I have been playing with modular exponentiation. It's been known for centuries that some of the resulting cycles can be written in terms of others, with certain roots being "primitive" in that other cycles can be represented in terms of the primitive roots.

What I don't understand is why some cycles are obviously derivable from certain roots but non-obviously derivable from others. For example, take 2, 8, and -10 $\mod 36$:

2:  [2 4 8 16 -4 -8 -16 4 ...]
8:  [8 -8 8 ...]
-10: [-10 -8 8 -8...]

The relationship between 2 and 8 is obvious, because $8^n \mod 36 ≡ (2^3)^n \mod 36$.

What is not obvious to me is the relationship between 8 and -10 $\mod 36$, and yet $8^n \mod 36 ≡ (-10^3)^n \mod 36$. The only relationship I can see between 8, -10, and $-10^3$ is that $10^3 = 8 * 5^3$, but I don't see how that would make it obvious that 8's cycle can be derived from -10's.

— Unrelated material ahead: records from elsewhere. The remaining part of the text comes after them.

theorem theorem5:
  fixes n k :: nat
    and S :: "nat \<Rightarrow> 'a::field set"
    and m :: "nat \<Rightarrow> 'a \<Rightarrow> nat"
    and a :: "nat \<Rightarrow> nat \<Rightarrow> 'a"
    and b :: "nat \<Rightarrow> 'a"
  assumes fin: "\<And>i. i < n \<Longrightarrow> finite (S i)"
    and zero_in: "\<And>i. i < n \<Longrightarrow> 0 \<in> S i"
    and mult_pos: "\<And>i s. i < n \<Longrightarrow> s \<in> S i \<Longrightarrow> m i s \<ge> 1"
    and mult_zero: "\<And>i. i < n \<Longrightarrow> m i 0 = 1"
    and hyp: "\<And>j. j < k \<Longrightarrow> is_hyperplane n (a j)"
    and cover: "\<And>s. s \<in> (PiE {..<n} S) - {restrict (\<lambda>_. 0) {..<n}} \<Longrightarrow>
        int (card {j. j < k \<and> on_hyperplane n (a j) (b j) s})
          \<ge> int (\<Sum>i<n. m i (s i)) - int n + 1"
    and avoid: "\<And>j. j < k \<Longrightarrow> \<not> on_hyperplane n (a j) (b j) (restrict (\<lambda>_. 0) {..<n})"
  shows "int k \<ge> int (\<Sum>i<n. \<Sum>s\<in>S i. m i s) - int n"
proof (rule ccontr)
  assume neg: "\<not> ?thesis"
  define d where "d i = (\<Sum>s\<in>S i. m i s)" for i
  have "1 \<le> d i" if "i < n" for i
    using fin[OF that] zero_in[OF that] mult_zero[OF that] by (simp add: d_def sum.remove[of _ 0])
  then have "int (\<Sum>i<n. d i - 1) = int (\<Sum>i<n. d i) - int (card {..<n})"
    by (intro int_sum_diff_1) simp
  then have deg: "k < (\<Sum>i<n. d i - 1)"
    using neg unfolding d_def card_lessThan by linarith
  have "\<exists>ci. ci 0 0 \<noteq> 0 \<and> annihilates_degree_below (S i) (m i) ci (d i - 1)" if "i < n" for i
    unfolding d_def using fin[OF that] zero_in[OF that] mult_zero[OF that] by (rule hermite_functional_exists)
  then obtain c where c0: "\<And>i. i < n \<Longrightarrow> c i 0 0 \<noteq> 0"
    and annihilates: "\<And>i. i < n \<Longrightarrow> annihilates_degree_below (S i) (m i) (c i) (d i - 1)"
    by metis
  have "(\<Sum>i<n. m i (s i)) < card {j. j < k \<and> on_hyperplane n (a j) (b j) s} + n"
    if "s \<in> PiE {..<n} S - {restrict (\<lambda>_. 0) {..<n}}" for s
    using cover[OF that] by linarith
  then have "grid_pairing n S m c (affine_prod_taylor n a b k) = (\<Prod>i<n. c i 0 0) * (\<Prod>j<k. - b j)"
    using fin zero_in mult_zero by (intro grid_pairing_affine_prod_eq_origin_value)
  moreover have "grid_pairing n S m c (affine_prod_taylor n a b k) = 0"
    using fin annihilates deg by (rule grid_pairing_affine_prod_eq_0)
  moreover have "b j \<noteq> 0" if "j < k" for j
    using avoid[OF that] by (simp add: on_hyperplane_def)
  ultimately show False using c0 by simp
qed

end
theorem proposition2p5:
  fixes ns :: "nat list" and A D P :: "qidx \<Rightarrow> qidx \<Rightarrow> complex" and lam :: complex
    and sc :: "complex \<Rightarrow> 'b::ring_1" and st :: "'b \<Rightarrow> 'b" and U :: "qidx \<Rightarrow> qidx \<Rightarrow> 'b"
  assumes "quantum_graph ns A"
    and "D = degL ns A \<or> D = degR ns A"
    and "eigenspace ns D lam \<noteq> {\<lambda>_. 0}"
    and "is_orth_proj ns P (eigenspace ns D lam)"
    and "star_algebra sc st"
    and "qut_rel ns A sc st U"
  shows "qintertwines ns sc U P"
proof -
  interpret complex_star_algebra sc st by unfold_locales fact
  let ?N = "\<lambda>p q. D p q - lam * mat_one p q"
  have "mat_commute (qcar ns) (ampl sc D) U"
    using assms(6,2) by (rule qut_rel_degree_commute)
  then have "mat_commute (qcar ns) (ampl sc ?N) U"
    unfolding ampl_sub_scalar by (rule mat_commute_sub_central[OF finite_qcar sc_central])
  moreover obtain M
    where "mat_eq_on (qcar ns) (\<lambda>p q. P p q - mat_one p q) (mat_mult (qcar ns) M ?N)"
    using eigenprojection_factor[OF assms(4)] by blast
  moreover have "qop_eq ns (qadj ns P) P"
    using assms(4) by (simp add: is_orth_proj_def)
  ultimately have "mat_commute (qcar ns) (ampl sc P) U"
    using qut_rel_unitary[OF assms(6)] eigenprojection_annihilated[OF assms(4)]
    by (blast intro: unitary_projection_commute)
  then show ?thesis by (simp add: qintertwines_iff)
qed

end
lemma fps_alg_hom_eq_compose:
  assumes hom: "fps_alg_hom \<chi>"
  shows "\<chi> G = G oo \<chi> fps_X"
proof (rule fps_ext)
  fix n
  let ?a = "\<chi> fps_X"
  define P where "P = (\<Sum>k\<le>n. fps_const (G $ k) * fps_X ^ k)"
  define R where "R = G - P"
  have "R $ i = 0" if "i \<le> n" for i
    using that by (simp add: R_def P_def fps_sum_nth mult_delta_right)
  then have R: "R = fps_X ^ Suc n * fps_shift (Suc n) R"
    by (intro fps_ext) (auto simp: fps_X_power_mult_nth simp del: power_Suc)
  \<comment> \<open>\<open>R\<close> is a multiple of X^(n+1), so its image is a multiple of a^(n+1), which vanishes
    below degree n + 1\<close>
  have "\<chi> R $ n = 0"
  proof -
    have "\<chi> R = ?a ^ Suc n * \<chi> (fps_shift (Suc n) R)"
      by (subst R) (simp add: hom fps_alg_hom_mult fps_alg_hom_power)
    moreover have "(?a ^ Suc n) $ i = 0" if "i \<le> n" for i
      using startsby_zero_power_prefix[OF fps_alg_hom_X_nth_0[OF hom], rule_format, of i "Suc n"] that
      by (simp del: power_Suc)
    ultimately show ?thesis by (simp add: fps_mult_nth)
  qed
  moreover have "\<chi> P = (\<Sum>k\<le>n. fps_const (G $ k) * ?a ^ k)"
    by (simp add: P_def hom fps_alg_hom_sum fps_alg_hom_smult fps_alg_hom_power)
  moreover have "\<chi> G = \<chi> P + \<chi> R"
    using hom by (simp add: R_def flip: fps_alg_hom_add)
  ultimately have "\<chi> G $ n = (\<Sum>k\<le>n. G $ k * (?a ^ k) $ n)"
    by (simp add: fps_sum_nth)
  also have "\<dots> = (G oo ?a) $ n"
    by (simp add: fps_compose_nth atLeast0AtMost)
  finally show "\<chi> G $ n = (G oo ?a) $ n" .
qed

lemma fps_alg_hom_mps_of_fps:
  assumes hom: "mps_alg_hom \<phi>" and "inj \<phi>"
  shows "fps_alg_hom (\<lambda>G. \<phi> (mps_of_fps j G))" (is "fps_alg_hom ?\<chi>")
proof -
  have add: "?\<chi> (G + H) = ?\<chi> G + ?\<chi> H" for G H
    using hom by (simp add: mps_of_fps_add mps_alg_hom_def)
  have smult: "?\<chi> (fps_const c * G) = fps_const c * ?\<chi> G" for c G
    using hom by (simp add: mps_of_fps_smult mps_alg_hom_def)
  have mult: "?\<chi> (G * H) = ?\<chi> G * ?\<chi> H" for G H
    using hom by (simp add: mps_mult_mps_of_fps [symmetric] mps_alg_hom_def)
  have "inj ?\<chi>"
    using inj_compose[OF assms(2) inj_mps_of_fps] by (simp add: comp_def)
  moreover have "?\<chi> 0 = 0"
    using smult[of 0 0] by simp
  ultimately have "?\<chi> 1 \<noteq> 0"
    by (metis injD one_neq_zero)
  moreover have "?\<chi> 1 * (?\<chi> 1 - 1) = 0"
    using mult[of 1 1] by (simp add: algebra_simps)
  ultimately have "?\<chi> 1 = 1" by simp
  with add smult mult show ?thesis by (simp add: fps_alg_hom_def)
qed

lemma mps_alg_hom_mps_of_fps_eq_compose:
  assumes "mps_alg_hom \<phi>" and "inj \<phi>"
  obtains a where "a \<noteq> 0" "a $ 0 = 0" "\<And>G. \<phi> (mps_of_fps j G) = G oo a"
proof
  let ?a = "\<phi> (mps_of_fps j fps_X)"
  note hom = fps_alg_hom_mps_of_fps[OF assms, of j]
  show "?a $ 0 = 0"
    using fps_alg_hom_X_nth_0[OF hom] by simp
  show "\<phi> (mps_of_fps j G) = G oo ?a" for G
    using fps_alg_hom_eq_compose[OF hom, of G] by simp
  have "\<phi> (mps_of_fps j 0) = 0"
    using fps_alg_hom_eq_compose[OF hom, of 0] by simp
  then show "?a \<noteq> 0"
    using assms(2) inj_mps_of_fps by (metis fps_X_neq_zero injD)
qed

lemma fps_root_of_subdegree:
  fixes a :: "'a::{alg_closed_field, field_char_0} fps"
  assumes "a \<noteq> 0" "a $ 0 = 0"
  obtains s where "s $ 0 = 0" "s $ 1 \<noteq> 0" "s ^ subdegree a = a"
proof -
  define p where "p = subdegree a"
  have "p \<noteq> 0" using assms by (simp add: p_def subdegree_eq_0_iff)
  then obtain k where p: "p = Suc k" by (cases p) auto
  define u where "u = unit_factor a"
  have a: "a = fps_X ^ p * u"
    unfolding u_def p_def by (rule fps_unit_factor_decompose')
  have u0: "u $ 0 \<noteq> 0"
    using assms(1) by (simp add: u_def fps_unit_factor_nth_0)
  obtain \<rho> where \<rho>: "\<rho> ^ Suc k = u $ 0"
    using nth_root_exists[of "Suc k" "u $ 0"] by auto
  define w where "w = fps_radical (\<lambda>_ _. \<rho>) (Suc k) u"
  have "w ^ Suc k = u"
    using power_radical[OF u0, of "\<lambda>_ _. \<rho>" k] \<rho> by (simp add: w_def)
  then have "(fps_X * w) ^ p = a"
    using a p by (simp add: power_mult_distrib)
  moreover have "\<rho> \<noteq> 0" using \<rho> u0 by auto
  then have "(fps_X * w) $ 1 \<noteq> 0" by (simp add: w_def)
  ultimately show thesis
    using that[of "fps_X * w"] by (simp add: p_def)
qed

(* c = \<Sum>j<p. X^j * (fps_decimate p j c)(X^p): the decomposition of k[[X]] as a free
k[[X^p]]-module *)
definition fps_decimate :: "nat \<Rightarrow> nat \<Rightarrow> 'a::zero fps \<Rightarrow> 'a fps" where
  "fps_decimate p j c = Abs_fps (\<lambda>n. c $ (n * p + j))"

lemma fps_decimate_sum: "fps_decimate p j (\<Sum>i\<in>A. f i) = (\<Sum>i\<in>A. fps_decimate p j (f i))"
  by (rule fps_ext) (simp add: fps_decimate_def fps_sum_nth)

lemma fps_eq_0_if_decimate_eq_0:
  assumes "0 < p" "\<And>j. j < p \<Longrightarrow> fps_decimate p j c = 0"
  shows "c = 0"
proof (rule fps_ext)
  fix m
  have "c $ m = fps_decimate p (m mod p) c $ (m div p)"
    by (simp add: fps_decimate_def)
  then show "c $ m = 0 $ m" using assms by simp
qed

lemma fps_decimate_compose_X_power_mult:
  fixes G c :: "'a::comm_ring_1 fps"
  assumes p: "0 < p" and j: "j < p"
  shows "fps_decimate p j ((G oo fps_X ^ p) * c) = G * fps_decimate p j c"
proof (rule fps_ext)
  fix n
  let ?f = "\<lambda>m. (G oo fps_X ^ p) $ m * c $ (n * p + j - m)"
  have "(\<lambda>k. k * p) ` {0..n} \<subseteq> {0..n * p + j}"
    by (auto intro!: trans_le_add1 mult_le_mono1)
  moreover have "?f m = 0" if "m \<in> {0..n * p + j} - (\<lambda>k. k * p) ` {0..n}" for m
  proof (cases "p dvd m")
    case True
    then obtain q where q: "m = q * p" by (metis dvd_def mult.commute)
    have "q * p < Suc n * p" using that q j by auto
    then have "q \<le> n" by (metis less_Suc_eq_le mult_less_cancel2)
    then show ?thesis using that q by auto
  qed (use p in \<open>simp add: fps_nth_compose_X_power\<close>)
  ultimately have "fps_decimate p j ((G oo fps_X ^ p) * c) $ n = (\<Sum>m\<in>(\<lambda>k. k * p) ` {0..n}. ?f m)"
    unfolding fps_decimate_def fps_mult_nth by (simp add: sum.mono_neutral_right)
  also have "\<dots> = (\<Sum>k=0..n. ?f (k * p))"
    using p by (intro sum.reindex_cong[where l = "\<lambda>k. k * p"]) (auto intro!: inj_onI)
  also have "\<dots> = (\<Sum>k=0..n. G $ k * c $ ((n - k) * p + j))"
    using p by (intro sum.cong) (auto simp: fps_nth_compose_X_power diff_mult_distrib)
  also have "\<dots> = (G * fps_decimate p j c) $ n"
    by (simp add: fps_decimate_def fps_mult_nth)
  finally show "fps_decimate p j ((G oo fps_X ^ p) * c) $ n = (G * fps_decimate p j c) $ n" .
qed

lemma sum_pivot_elimination:
  fixes v :: "'i \<Rightarrow> nat \<Rightarrow> 'a::comm_ring_1"
  assumes "finite I" "k \<in> I"
  shows "(\<Sum>i\<in>I. (if i = k then - (\<Sum>i\<in>I - {k}. c i * v i n) else c i * v k n) * v i j)
           = (\<Sum>i\<in>I - {k}. c i * (v k n * v i j - v i n * v k j))"
proof -
  let ?c = "\<lambda>i. if i = k then - (\<Sum>i\<in>I - {k}. c i * v i n) else c i * v k n"
  have "(\<Sum>i\<in>I. ?c i * v i j) = ?c k * v k j + (\<Sum>i\<in>I - {k}. ?c i * v i j)"
    using assms by (simp add: sum.remove)
  also have "(\<Sum>i\<in>I - {k}. ?c i * v i j) = (\<Sum>i\<in>I - {k}. c i * v k n * v i j)"
    by (rule sum.cong) auto
  also have "?c k * v k j = - (\<Sum>i\<in>I - {k}. c i * v i n * v k j)"
    by (simp add: sum_distrib_right)
  finally show ?thesis
    by (simp add: algebra_simps sum_subtractf)
qed

lemma exists_nontrivial_linear_relation:
  fixes v :: "'i \<Rightarrow> nat \<Rightarrow> 'a::idom"
  assumes "finite I" "n < card I"
  shows "\<exists>c. (\<exists>i\<in>I. c i \<noteq> 0) \<and> (\<forall>j<n. (\<Sum>i\<in>I. c i * v i j) = 0)"
  using assms
proof (induction n arbitrary: I v)
  case 0
  then have "I \<noteq> {}" by auto
  then show ?case
    by (intro exI[of _ "\<lambda>_. 1"]) auto
next
  case (Suc n)
  show ?case
  proof (cases "\<forall>i\<in>I. v i n = 0")
    case True
    obtain c where c: "\<exists>i\<in>I. c i \<noteq> 0" and rel: "\<forall>j<n. (\<Sum>i\<in>I. c i * v i j) = 0"
      using Suc.IH[of I v] Suc.prems by auto
    have "\<forall>j<Suc n. (\<Sum>i\<in>I. c i * v i j) = 0"
      using rel True by (simp add: less_Suc_eq)
    with c show ?thesis by blast
  next
    case False
    then obtain k where k: "k \<in> I" "v k n \<noteq> 0" by auto
    have "n < card (I - {k})"
      using Suc.prems k by simp
    \<comment> \<open>eliminate the \<open>n\<close>-th coordinate with the pivot \<open>v k n\<close>\<close>
    then obtain c where c: "\<exists>i\<in>I - {k}. c i \<noteq> 0"
      and rel: "\<forall>j<n. (\<Sum>i\<in>I - {k}. c i * (v k n * v i j - v i n * v k j)) = 0"
      using Suc.IH[of "I - {k}" "\<lambda>i j. v k n * v i j - v i n * v k j"] Suc.prems(1) by blast
    let ?c = "\<lambda>i. if i = k then - (\<Sum>i\<in>I - {k}. c i * v i n) else c i * v k n"
    have "\<forall>j<Suc n. (\<Sum>i\<in>I. ?c i * v i j) = 0"
    proof (intro allI impI)
      fix j assume "j < Suc n"
      have "(\<Sum>i\<in>I. ?c i * v i j) = (\<Sum>i\<in>I - {k}. c i * (v k n * v i j - v i n * v k j))"
        by (rule sum_pivot_elimination[OF Suc.prems(1) k(1)])
      also have "\<dots> = 0"
        using \<open>j < Suc n\<close> rel by (cases "j = n") (simp_all add: mult.commute)
      finally show "(\<Sum>i\<in>I. ?c i * v i j) = 0" .
    qed
    moreover have "\<exists>i\<in>I. ?c i \<noteq> 0"
      using c k by auto
    ultimately show ?thesis
      by (intro exI[of _ ?c]) blast
  qed
qed

lemma fps_powers_dependent_over_compose_X_power:
  fixes b :: "'a::idom fps"
  assumes p: "0 < p"
  obtains G where "\<exists>i\<le>p. G i \<noteq> 0" "(\<Sum>i\<le>p. (G i oo fps_X ^ p) * b ^ i) = 0"
proof -
  obtain G where G: "\<exists>i\<le>p. G i \<noteq> 0"
    and rel: "\<And>j. j < p \<Longrightarrow> (\<Sum>i\<le>p. G i * fps_decimate p j (b ^ i)) = 0"
    using exists_nontrivial_linear_relation[of "{..p}" p "\<lambda>i j. fps_decimate p j (b ^ i)"] by auto
  have "fps_decimate p j (\<Sum>i\<le>p. (G i oo fps_X ^ p) * b ^ i) = 0" if "j < p" for j
    using rel[OF that] p that by (simp add: fps_decimate_sum fps_decimate_compose_X_power_mult)
  with G p show thesis
    using that fps_eq_0_if_decimate_eq_0 by blast
qed

lemma fps_powers_dependent_over_compose:
  fixes a b :: "'a::{alg_closed_field, field_char_0} fps"
  assumes "a \<noteq> 0" "a $ 0 = 0"
  obtains n G where "\<exists>i\<le>n. G i \<noteq> 0" "(\<Sum>i\<le>n. (G i oo a) * b ^ i) = 0"
proof -
  define p where "p = subdegree a"
  have p: "0 < p"
    using assms by (metis gr0I p_def subdegree_eq_0_iff)
  obtain s where s0: "s $ 0 = 0" and s1: "s $ 1 \<noteq> 0" and s: "s ^ p = a"
    using fps_root_of_subdegree[OF assms] unfolding p_def .
  define S where "S = fps_inv s"
  have S0: "S $ 0 = 0" by (simp add: S_def fps_inv_def)
  have "S oo s = fps_X"
    using fps_inv[OF s0 s1] by (simp add: S_def)
  then have b: "(b oo S) oo s = b"
    using fps_compose_assoc[OF s0 S0, of b] by simp
  obtain G where G: "\<exists>i\<le>p. G i \<noteq> 0"
    and rel: "(\<Sum>i\<le>p. (G i oo fps_X ^ p) * (b oo S) ^ i) = 0"
    using fps_powers_dependent_over_compose_X_power[OF p] by blast
  \<comment> \<open>substituting \<open>s\<close> turns X^p into \<open>a\<close> and \<open>b \<circ> S\<close> back into \<open>b\<close>\<close>
  have summand: "((G i oo fps_X ^ p) * (b oo S) ^ i) oo s = (G i oo a) * b ^ i" for i
  proof -
    have "(G i oo fps_X ^ p) oo s = G i oo a"
      using fps_compose_assoc[OF s0, of "fps_X ^ p" "G i"] p
      by (simp add: fps_X_power_compose[OF s0] s)
    moreover have "(b oo S) ^ i oo s = b ^ i"
      by (simp add: fps_compose_power[OF s0, symmetric] b)
    ultimately show ?thesis
      by (simp add: fps_compose_mult_distrib[OF s0])
  qed
  have "(\<Sum>i\<le>p. (G i oo a) * b ^ i) = (\<Sum>i\<le>p. (G i oo fps_X ^ p) * (b oo S) ^ i) oo s"
    by (simp add: fps_compose_sum_distrib summand)
  then show thesis
    using that G rel by simp
qed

More generally, is it possible to explore and discover these relationships without exhaustively creating the modular multiplication table $mod n$? Similar to how one could easily know that the 8 cycle can be represented in terms of the 2 cycle?

Answer 1

First, the precise question. Notice that $-10 \equiv 26 = 8 + 3 \cdot 6 \bmod 36$. Thus $(-10)^n \equiv (8 + 3 \cdot 6)^n \bmod 36$. For $n \geq 2$, the binomial expansion indicates that $(-10)^n \equiv (8^n + 8^{n-1} \cdot 3 \cdot 6 \cdot C_{n-1} + 0 + \cdots + 0) \equiv 8^n \bmod 36$, as $8 \cdot 3 \cdot 6 \equiv 0 \bmod 36$.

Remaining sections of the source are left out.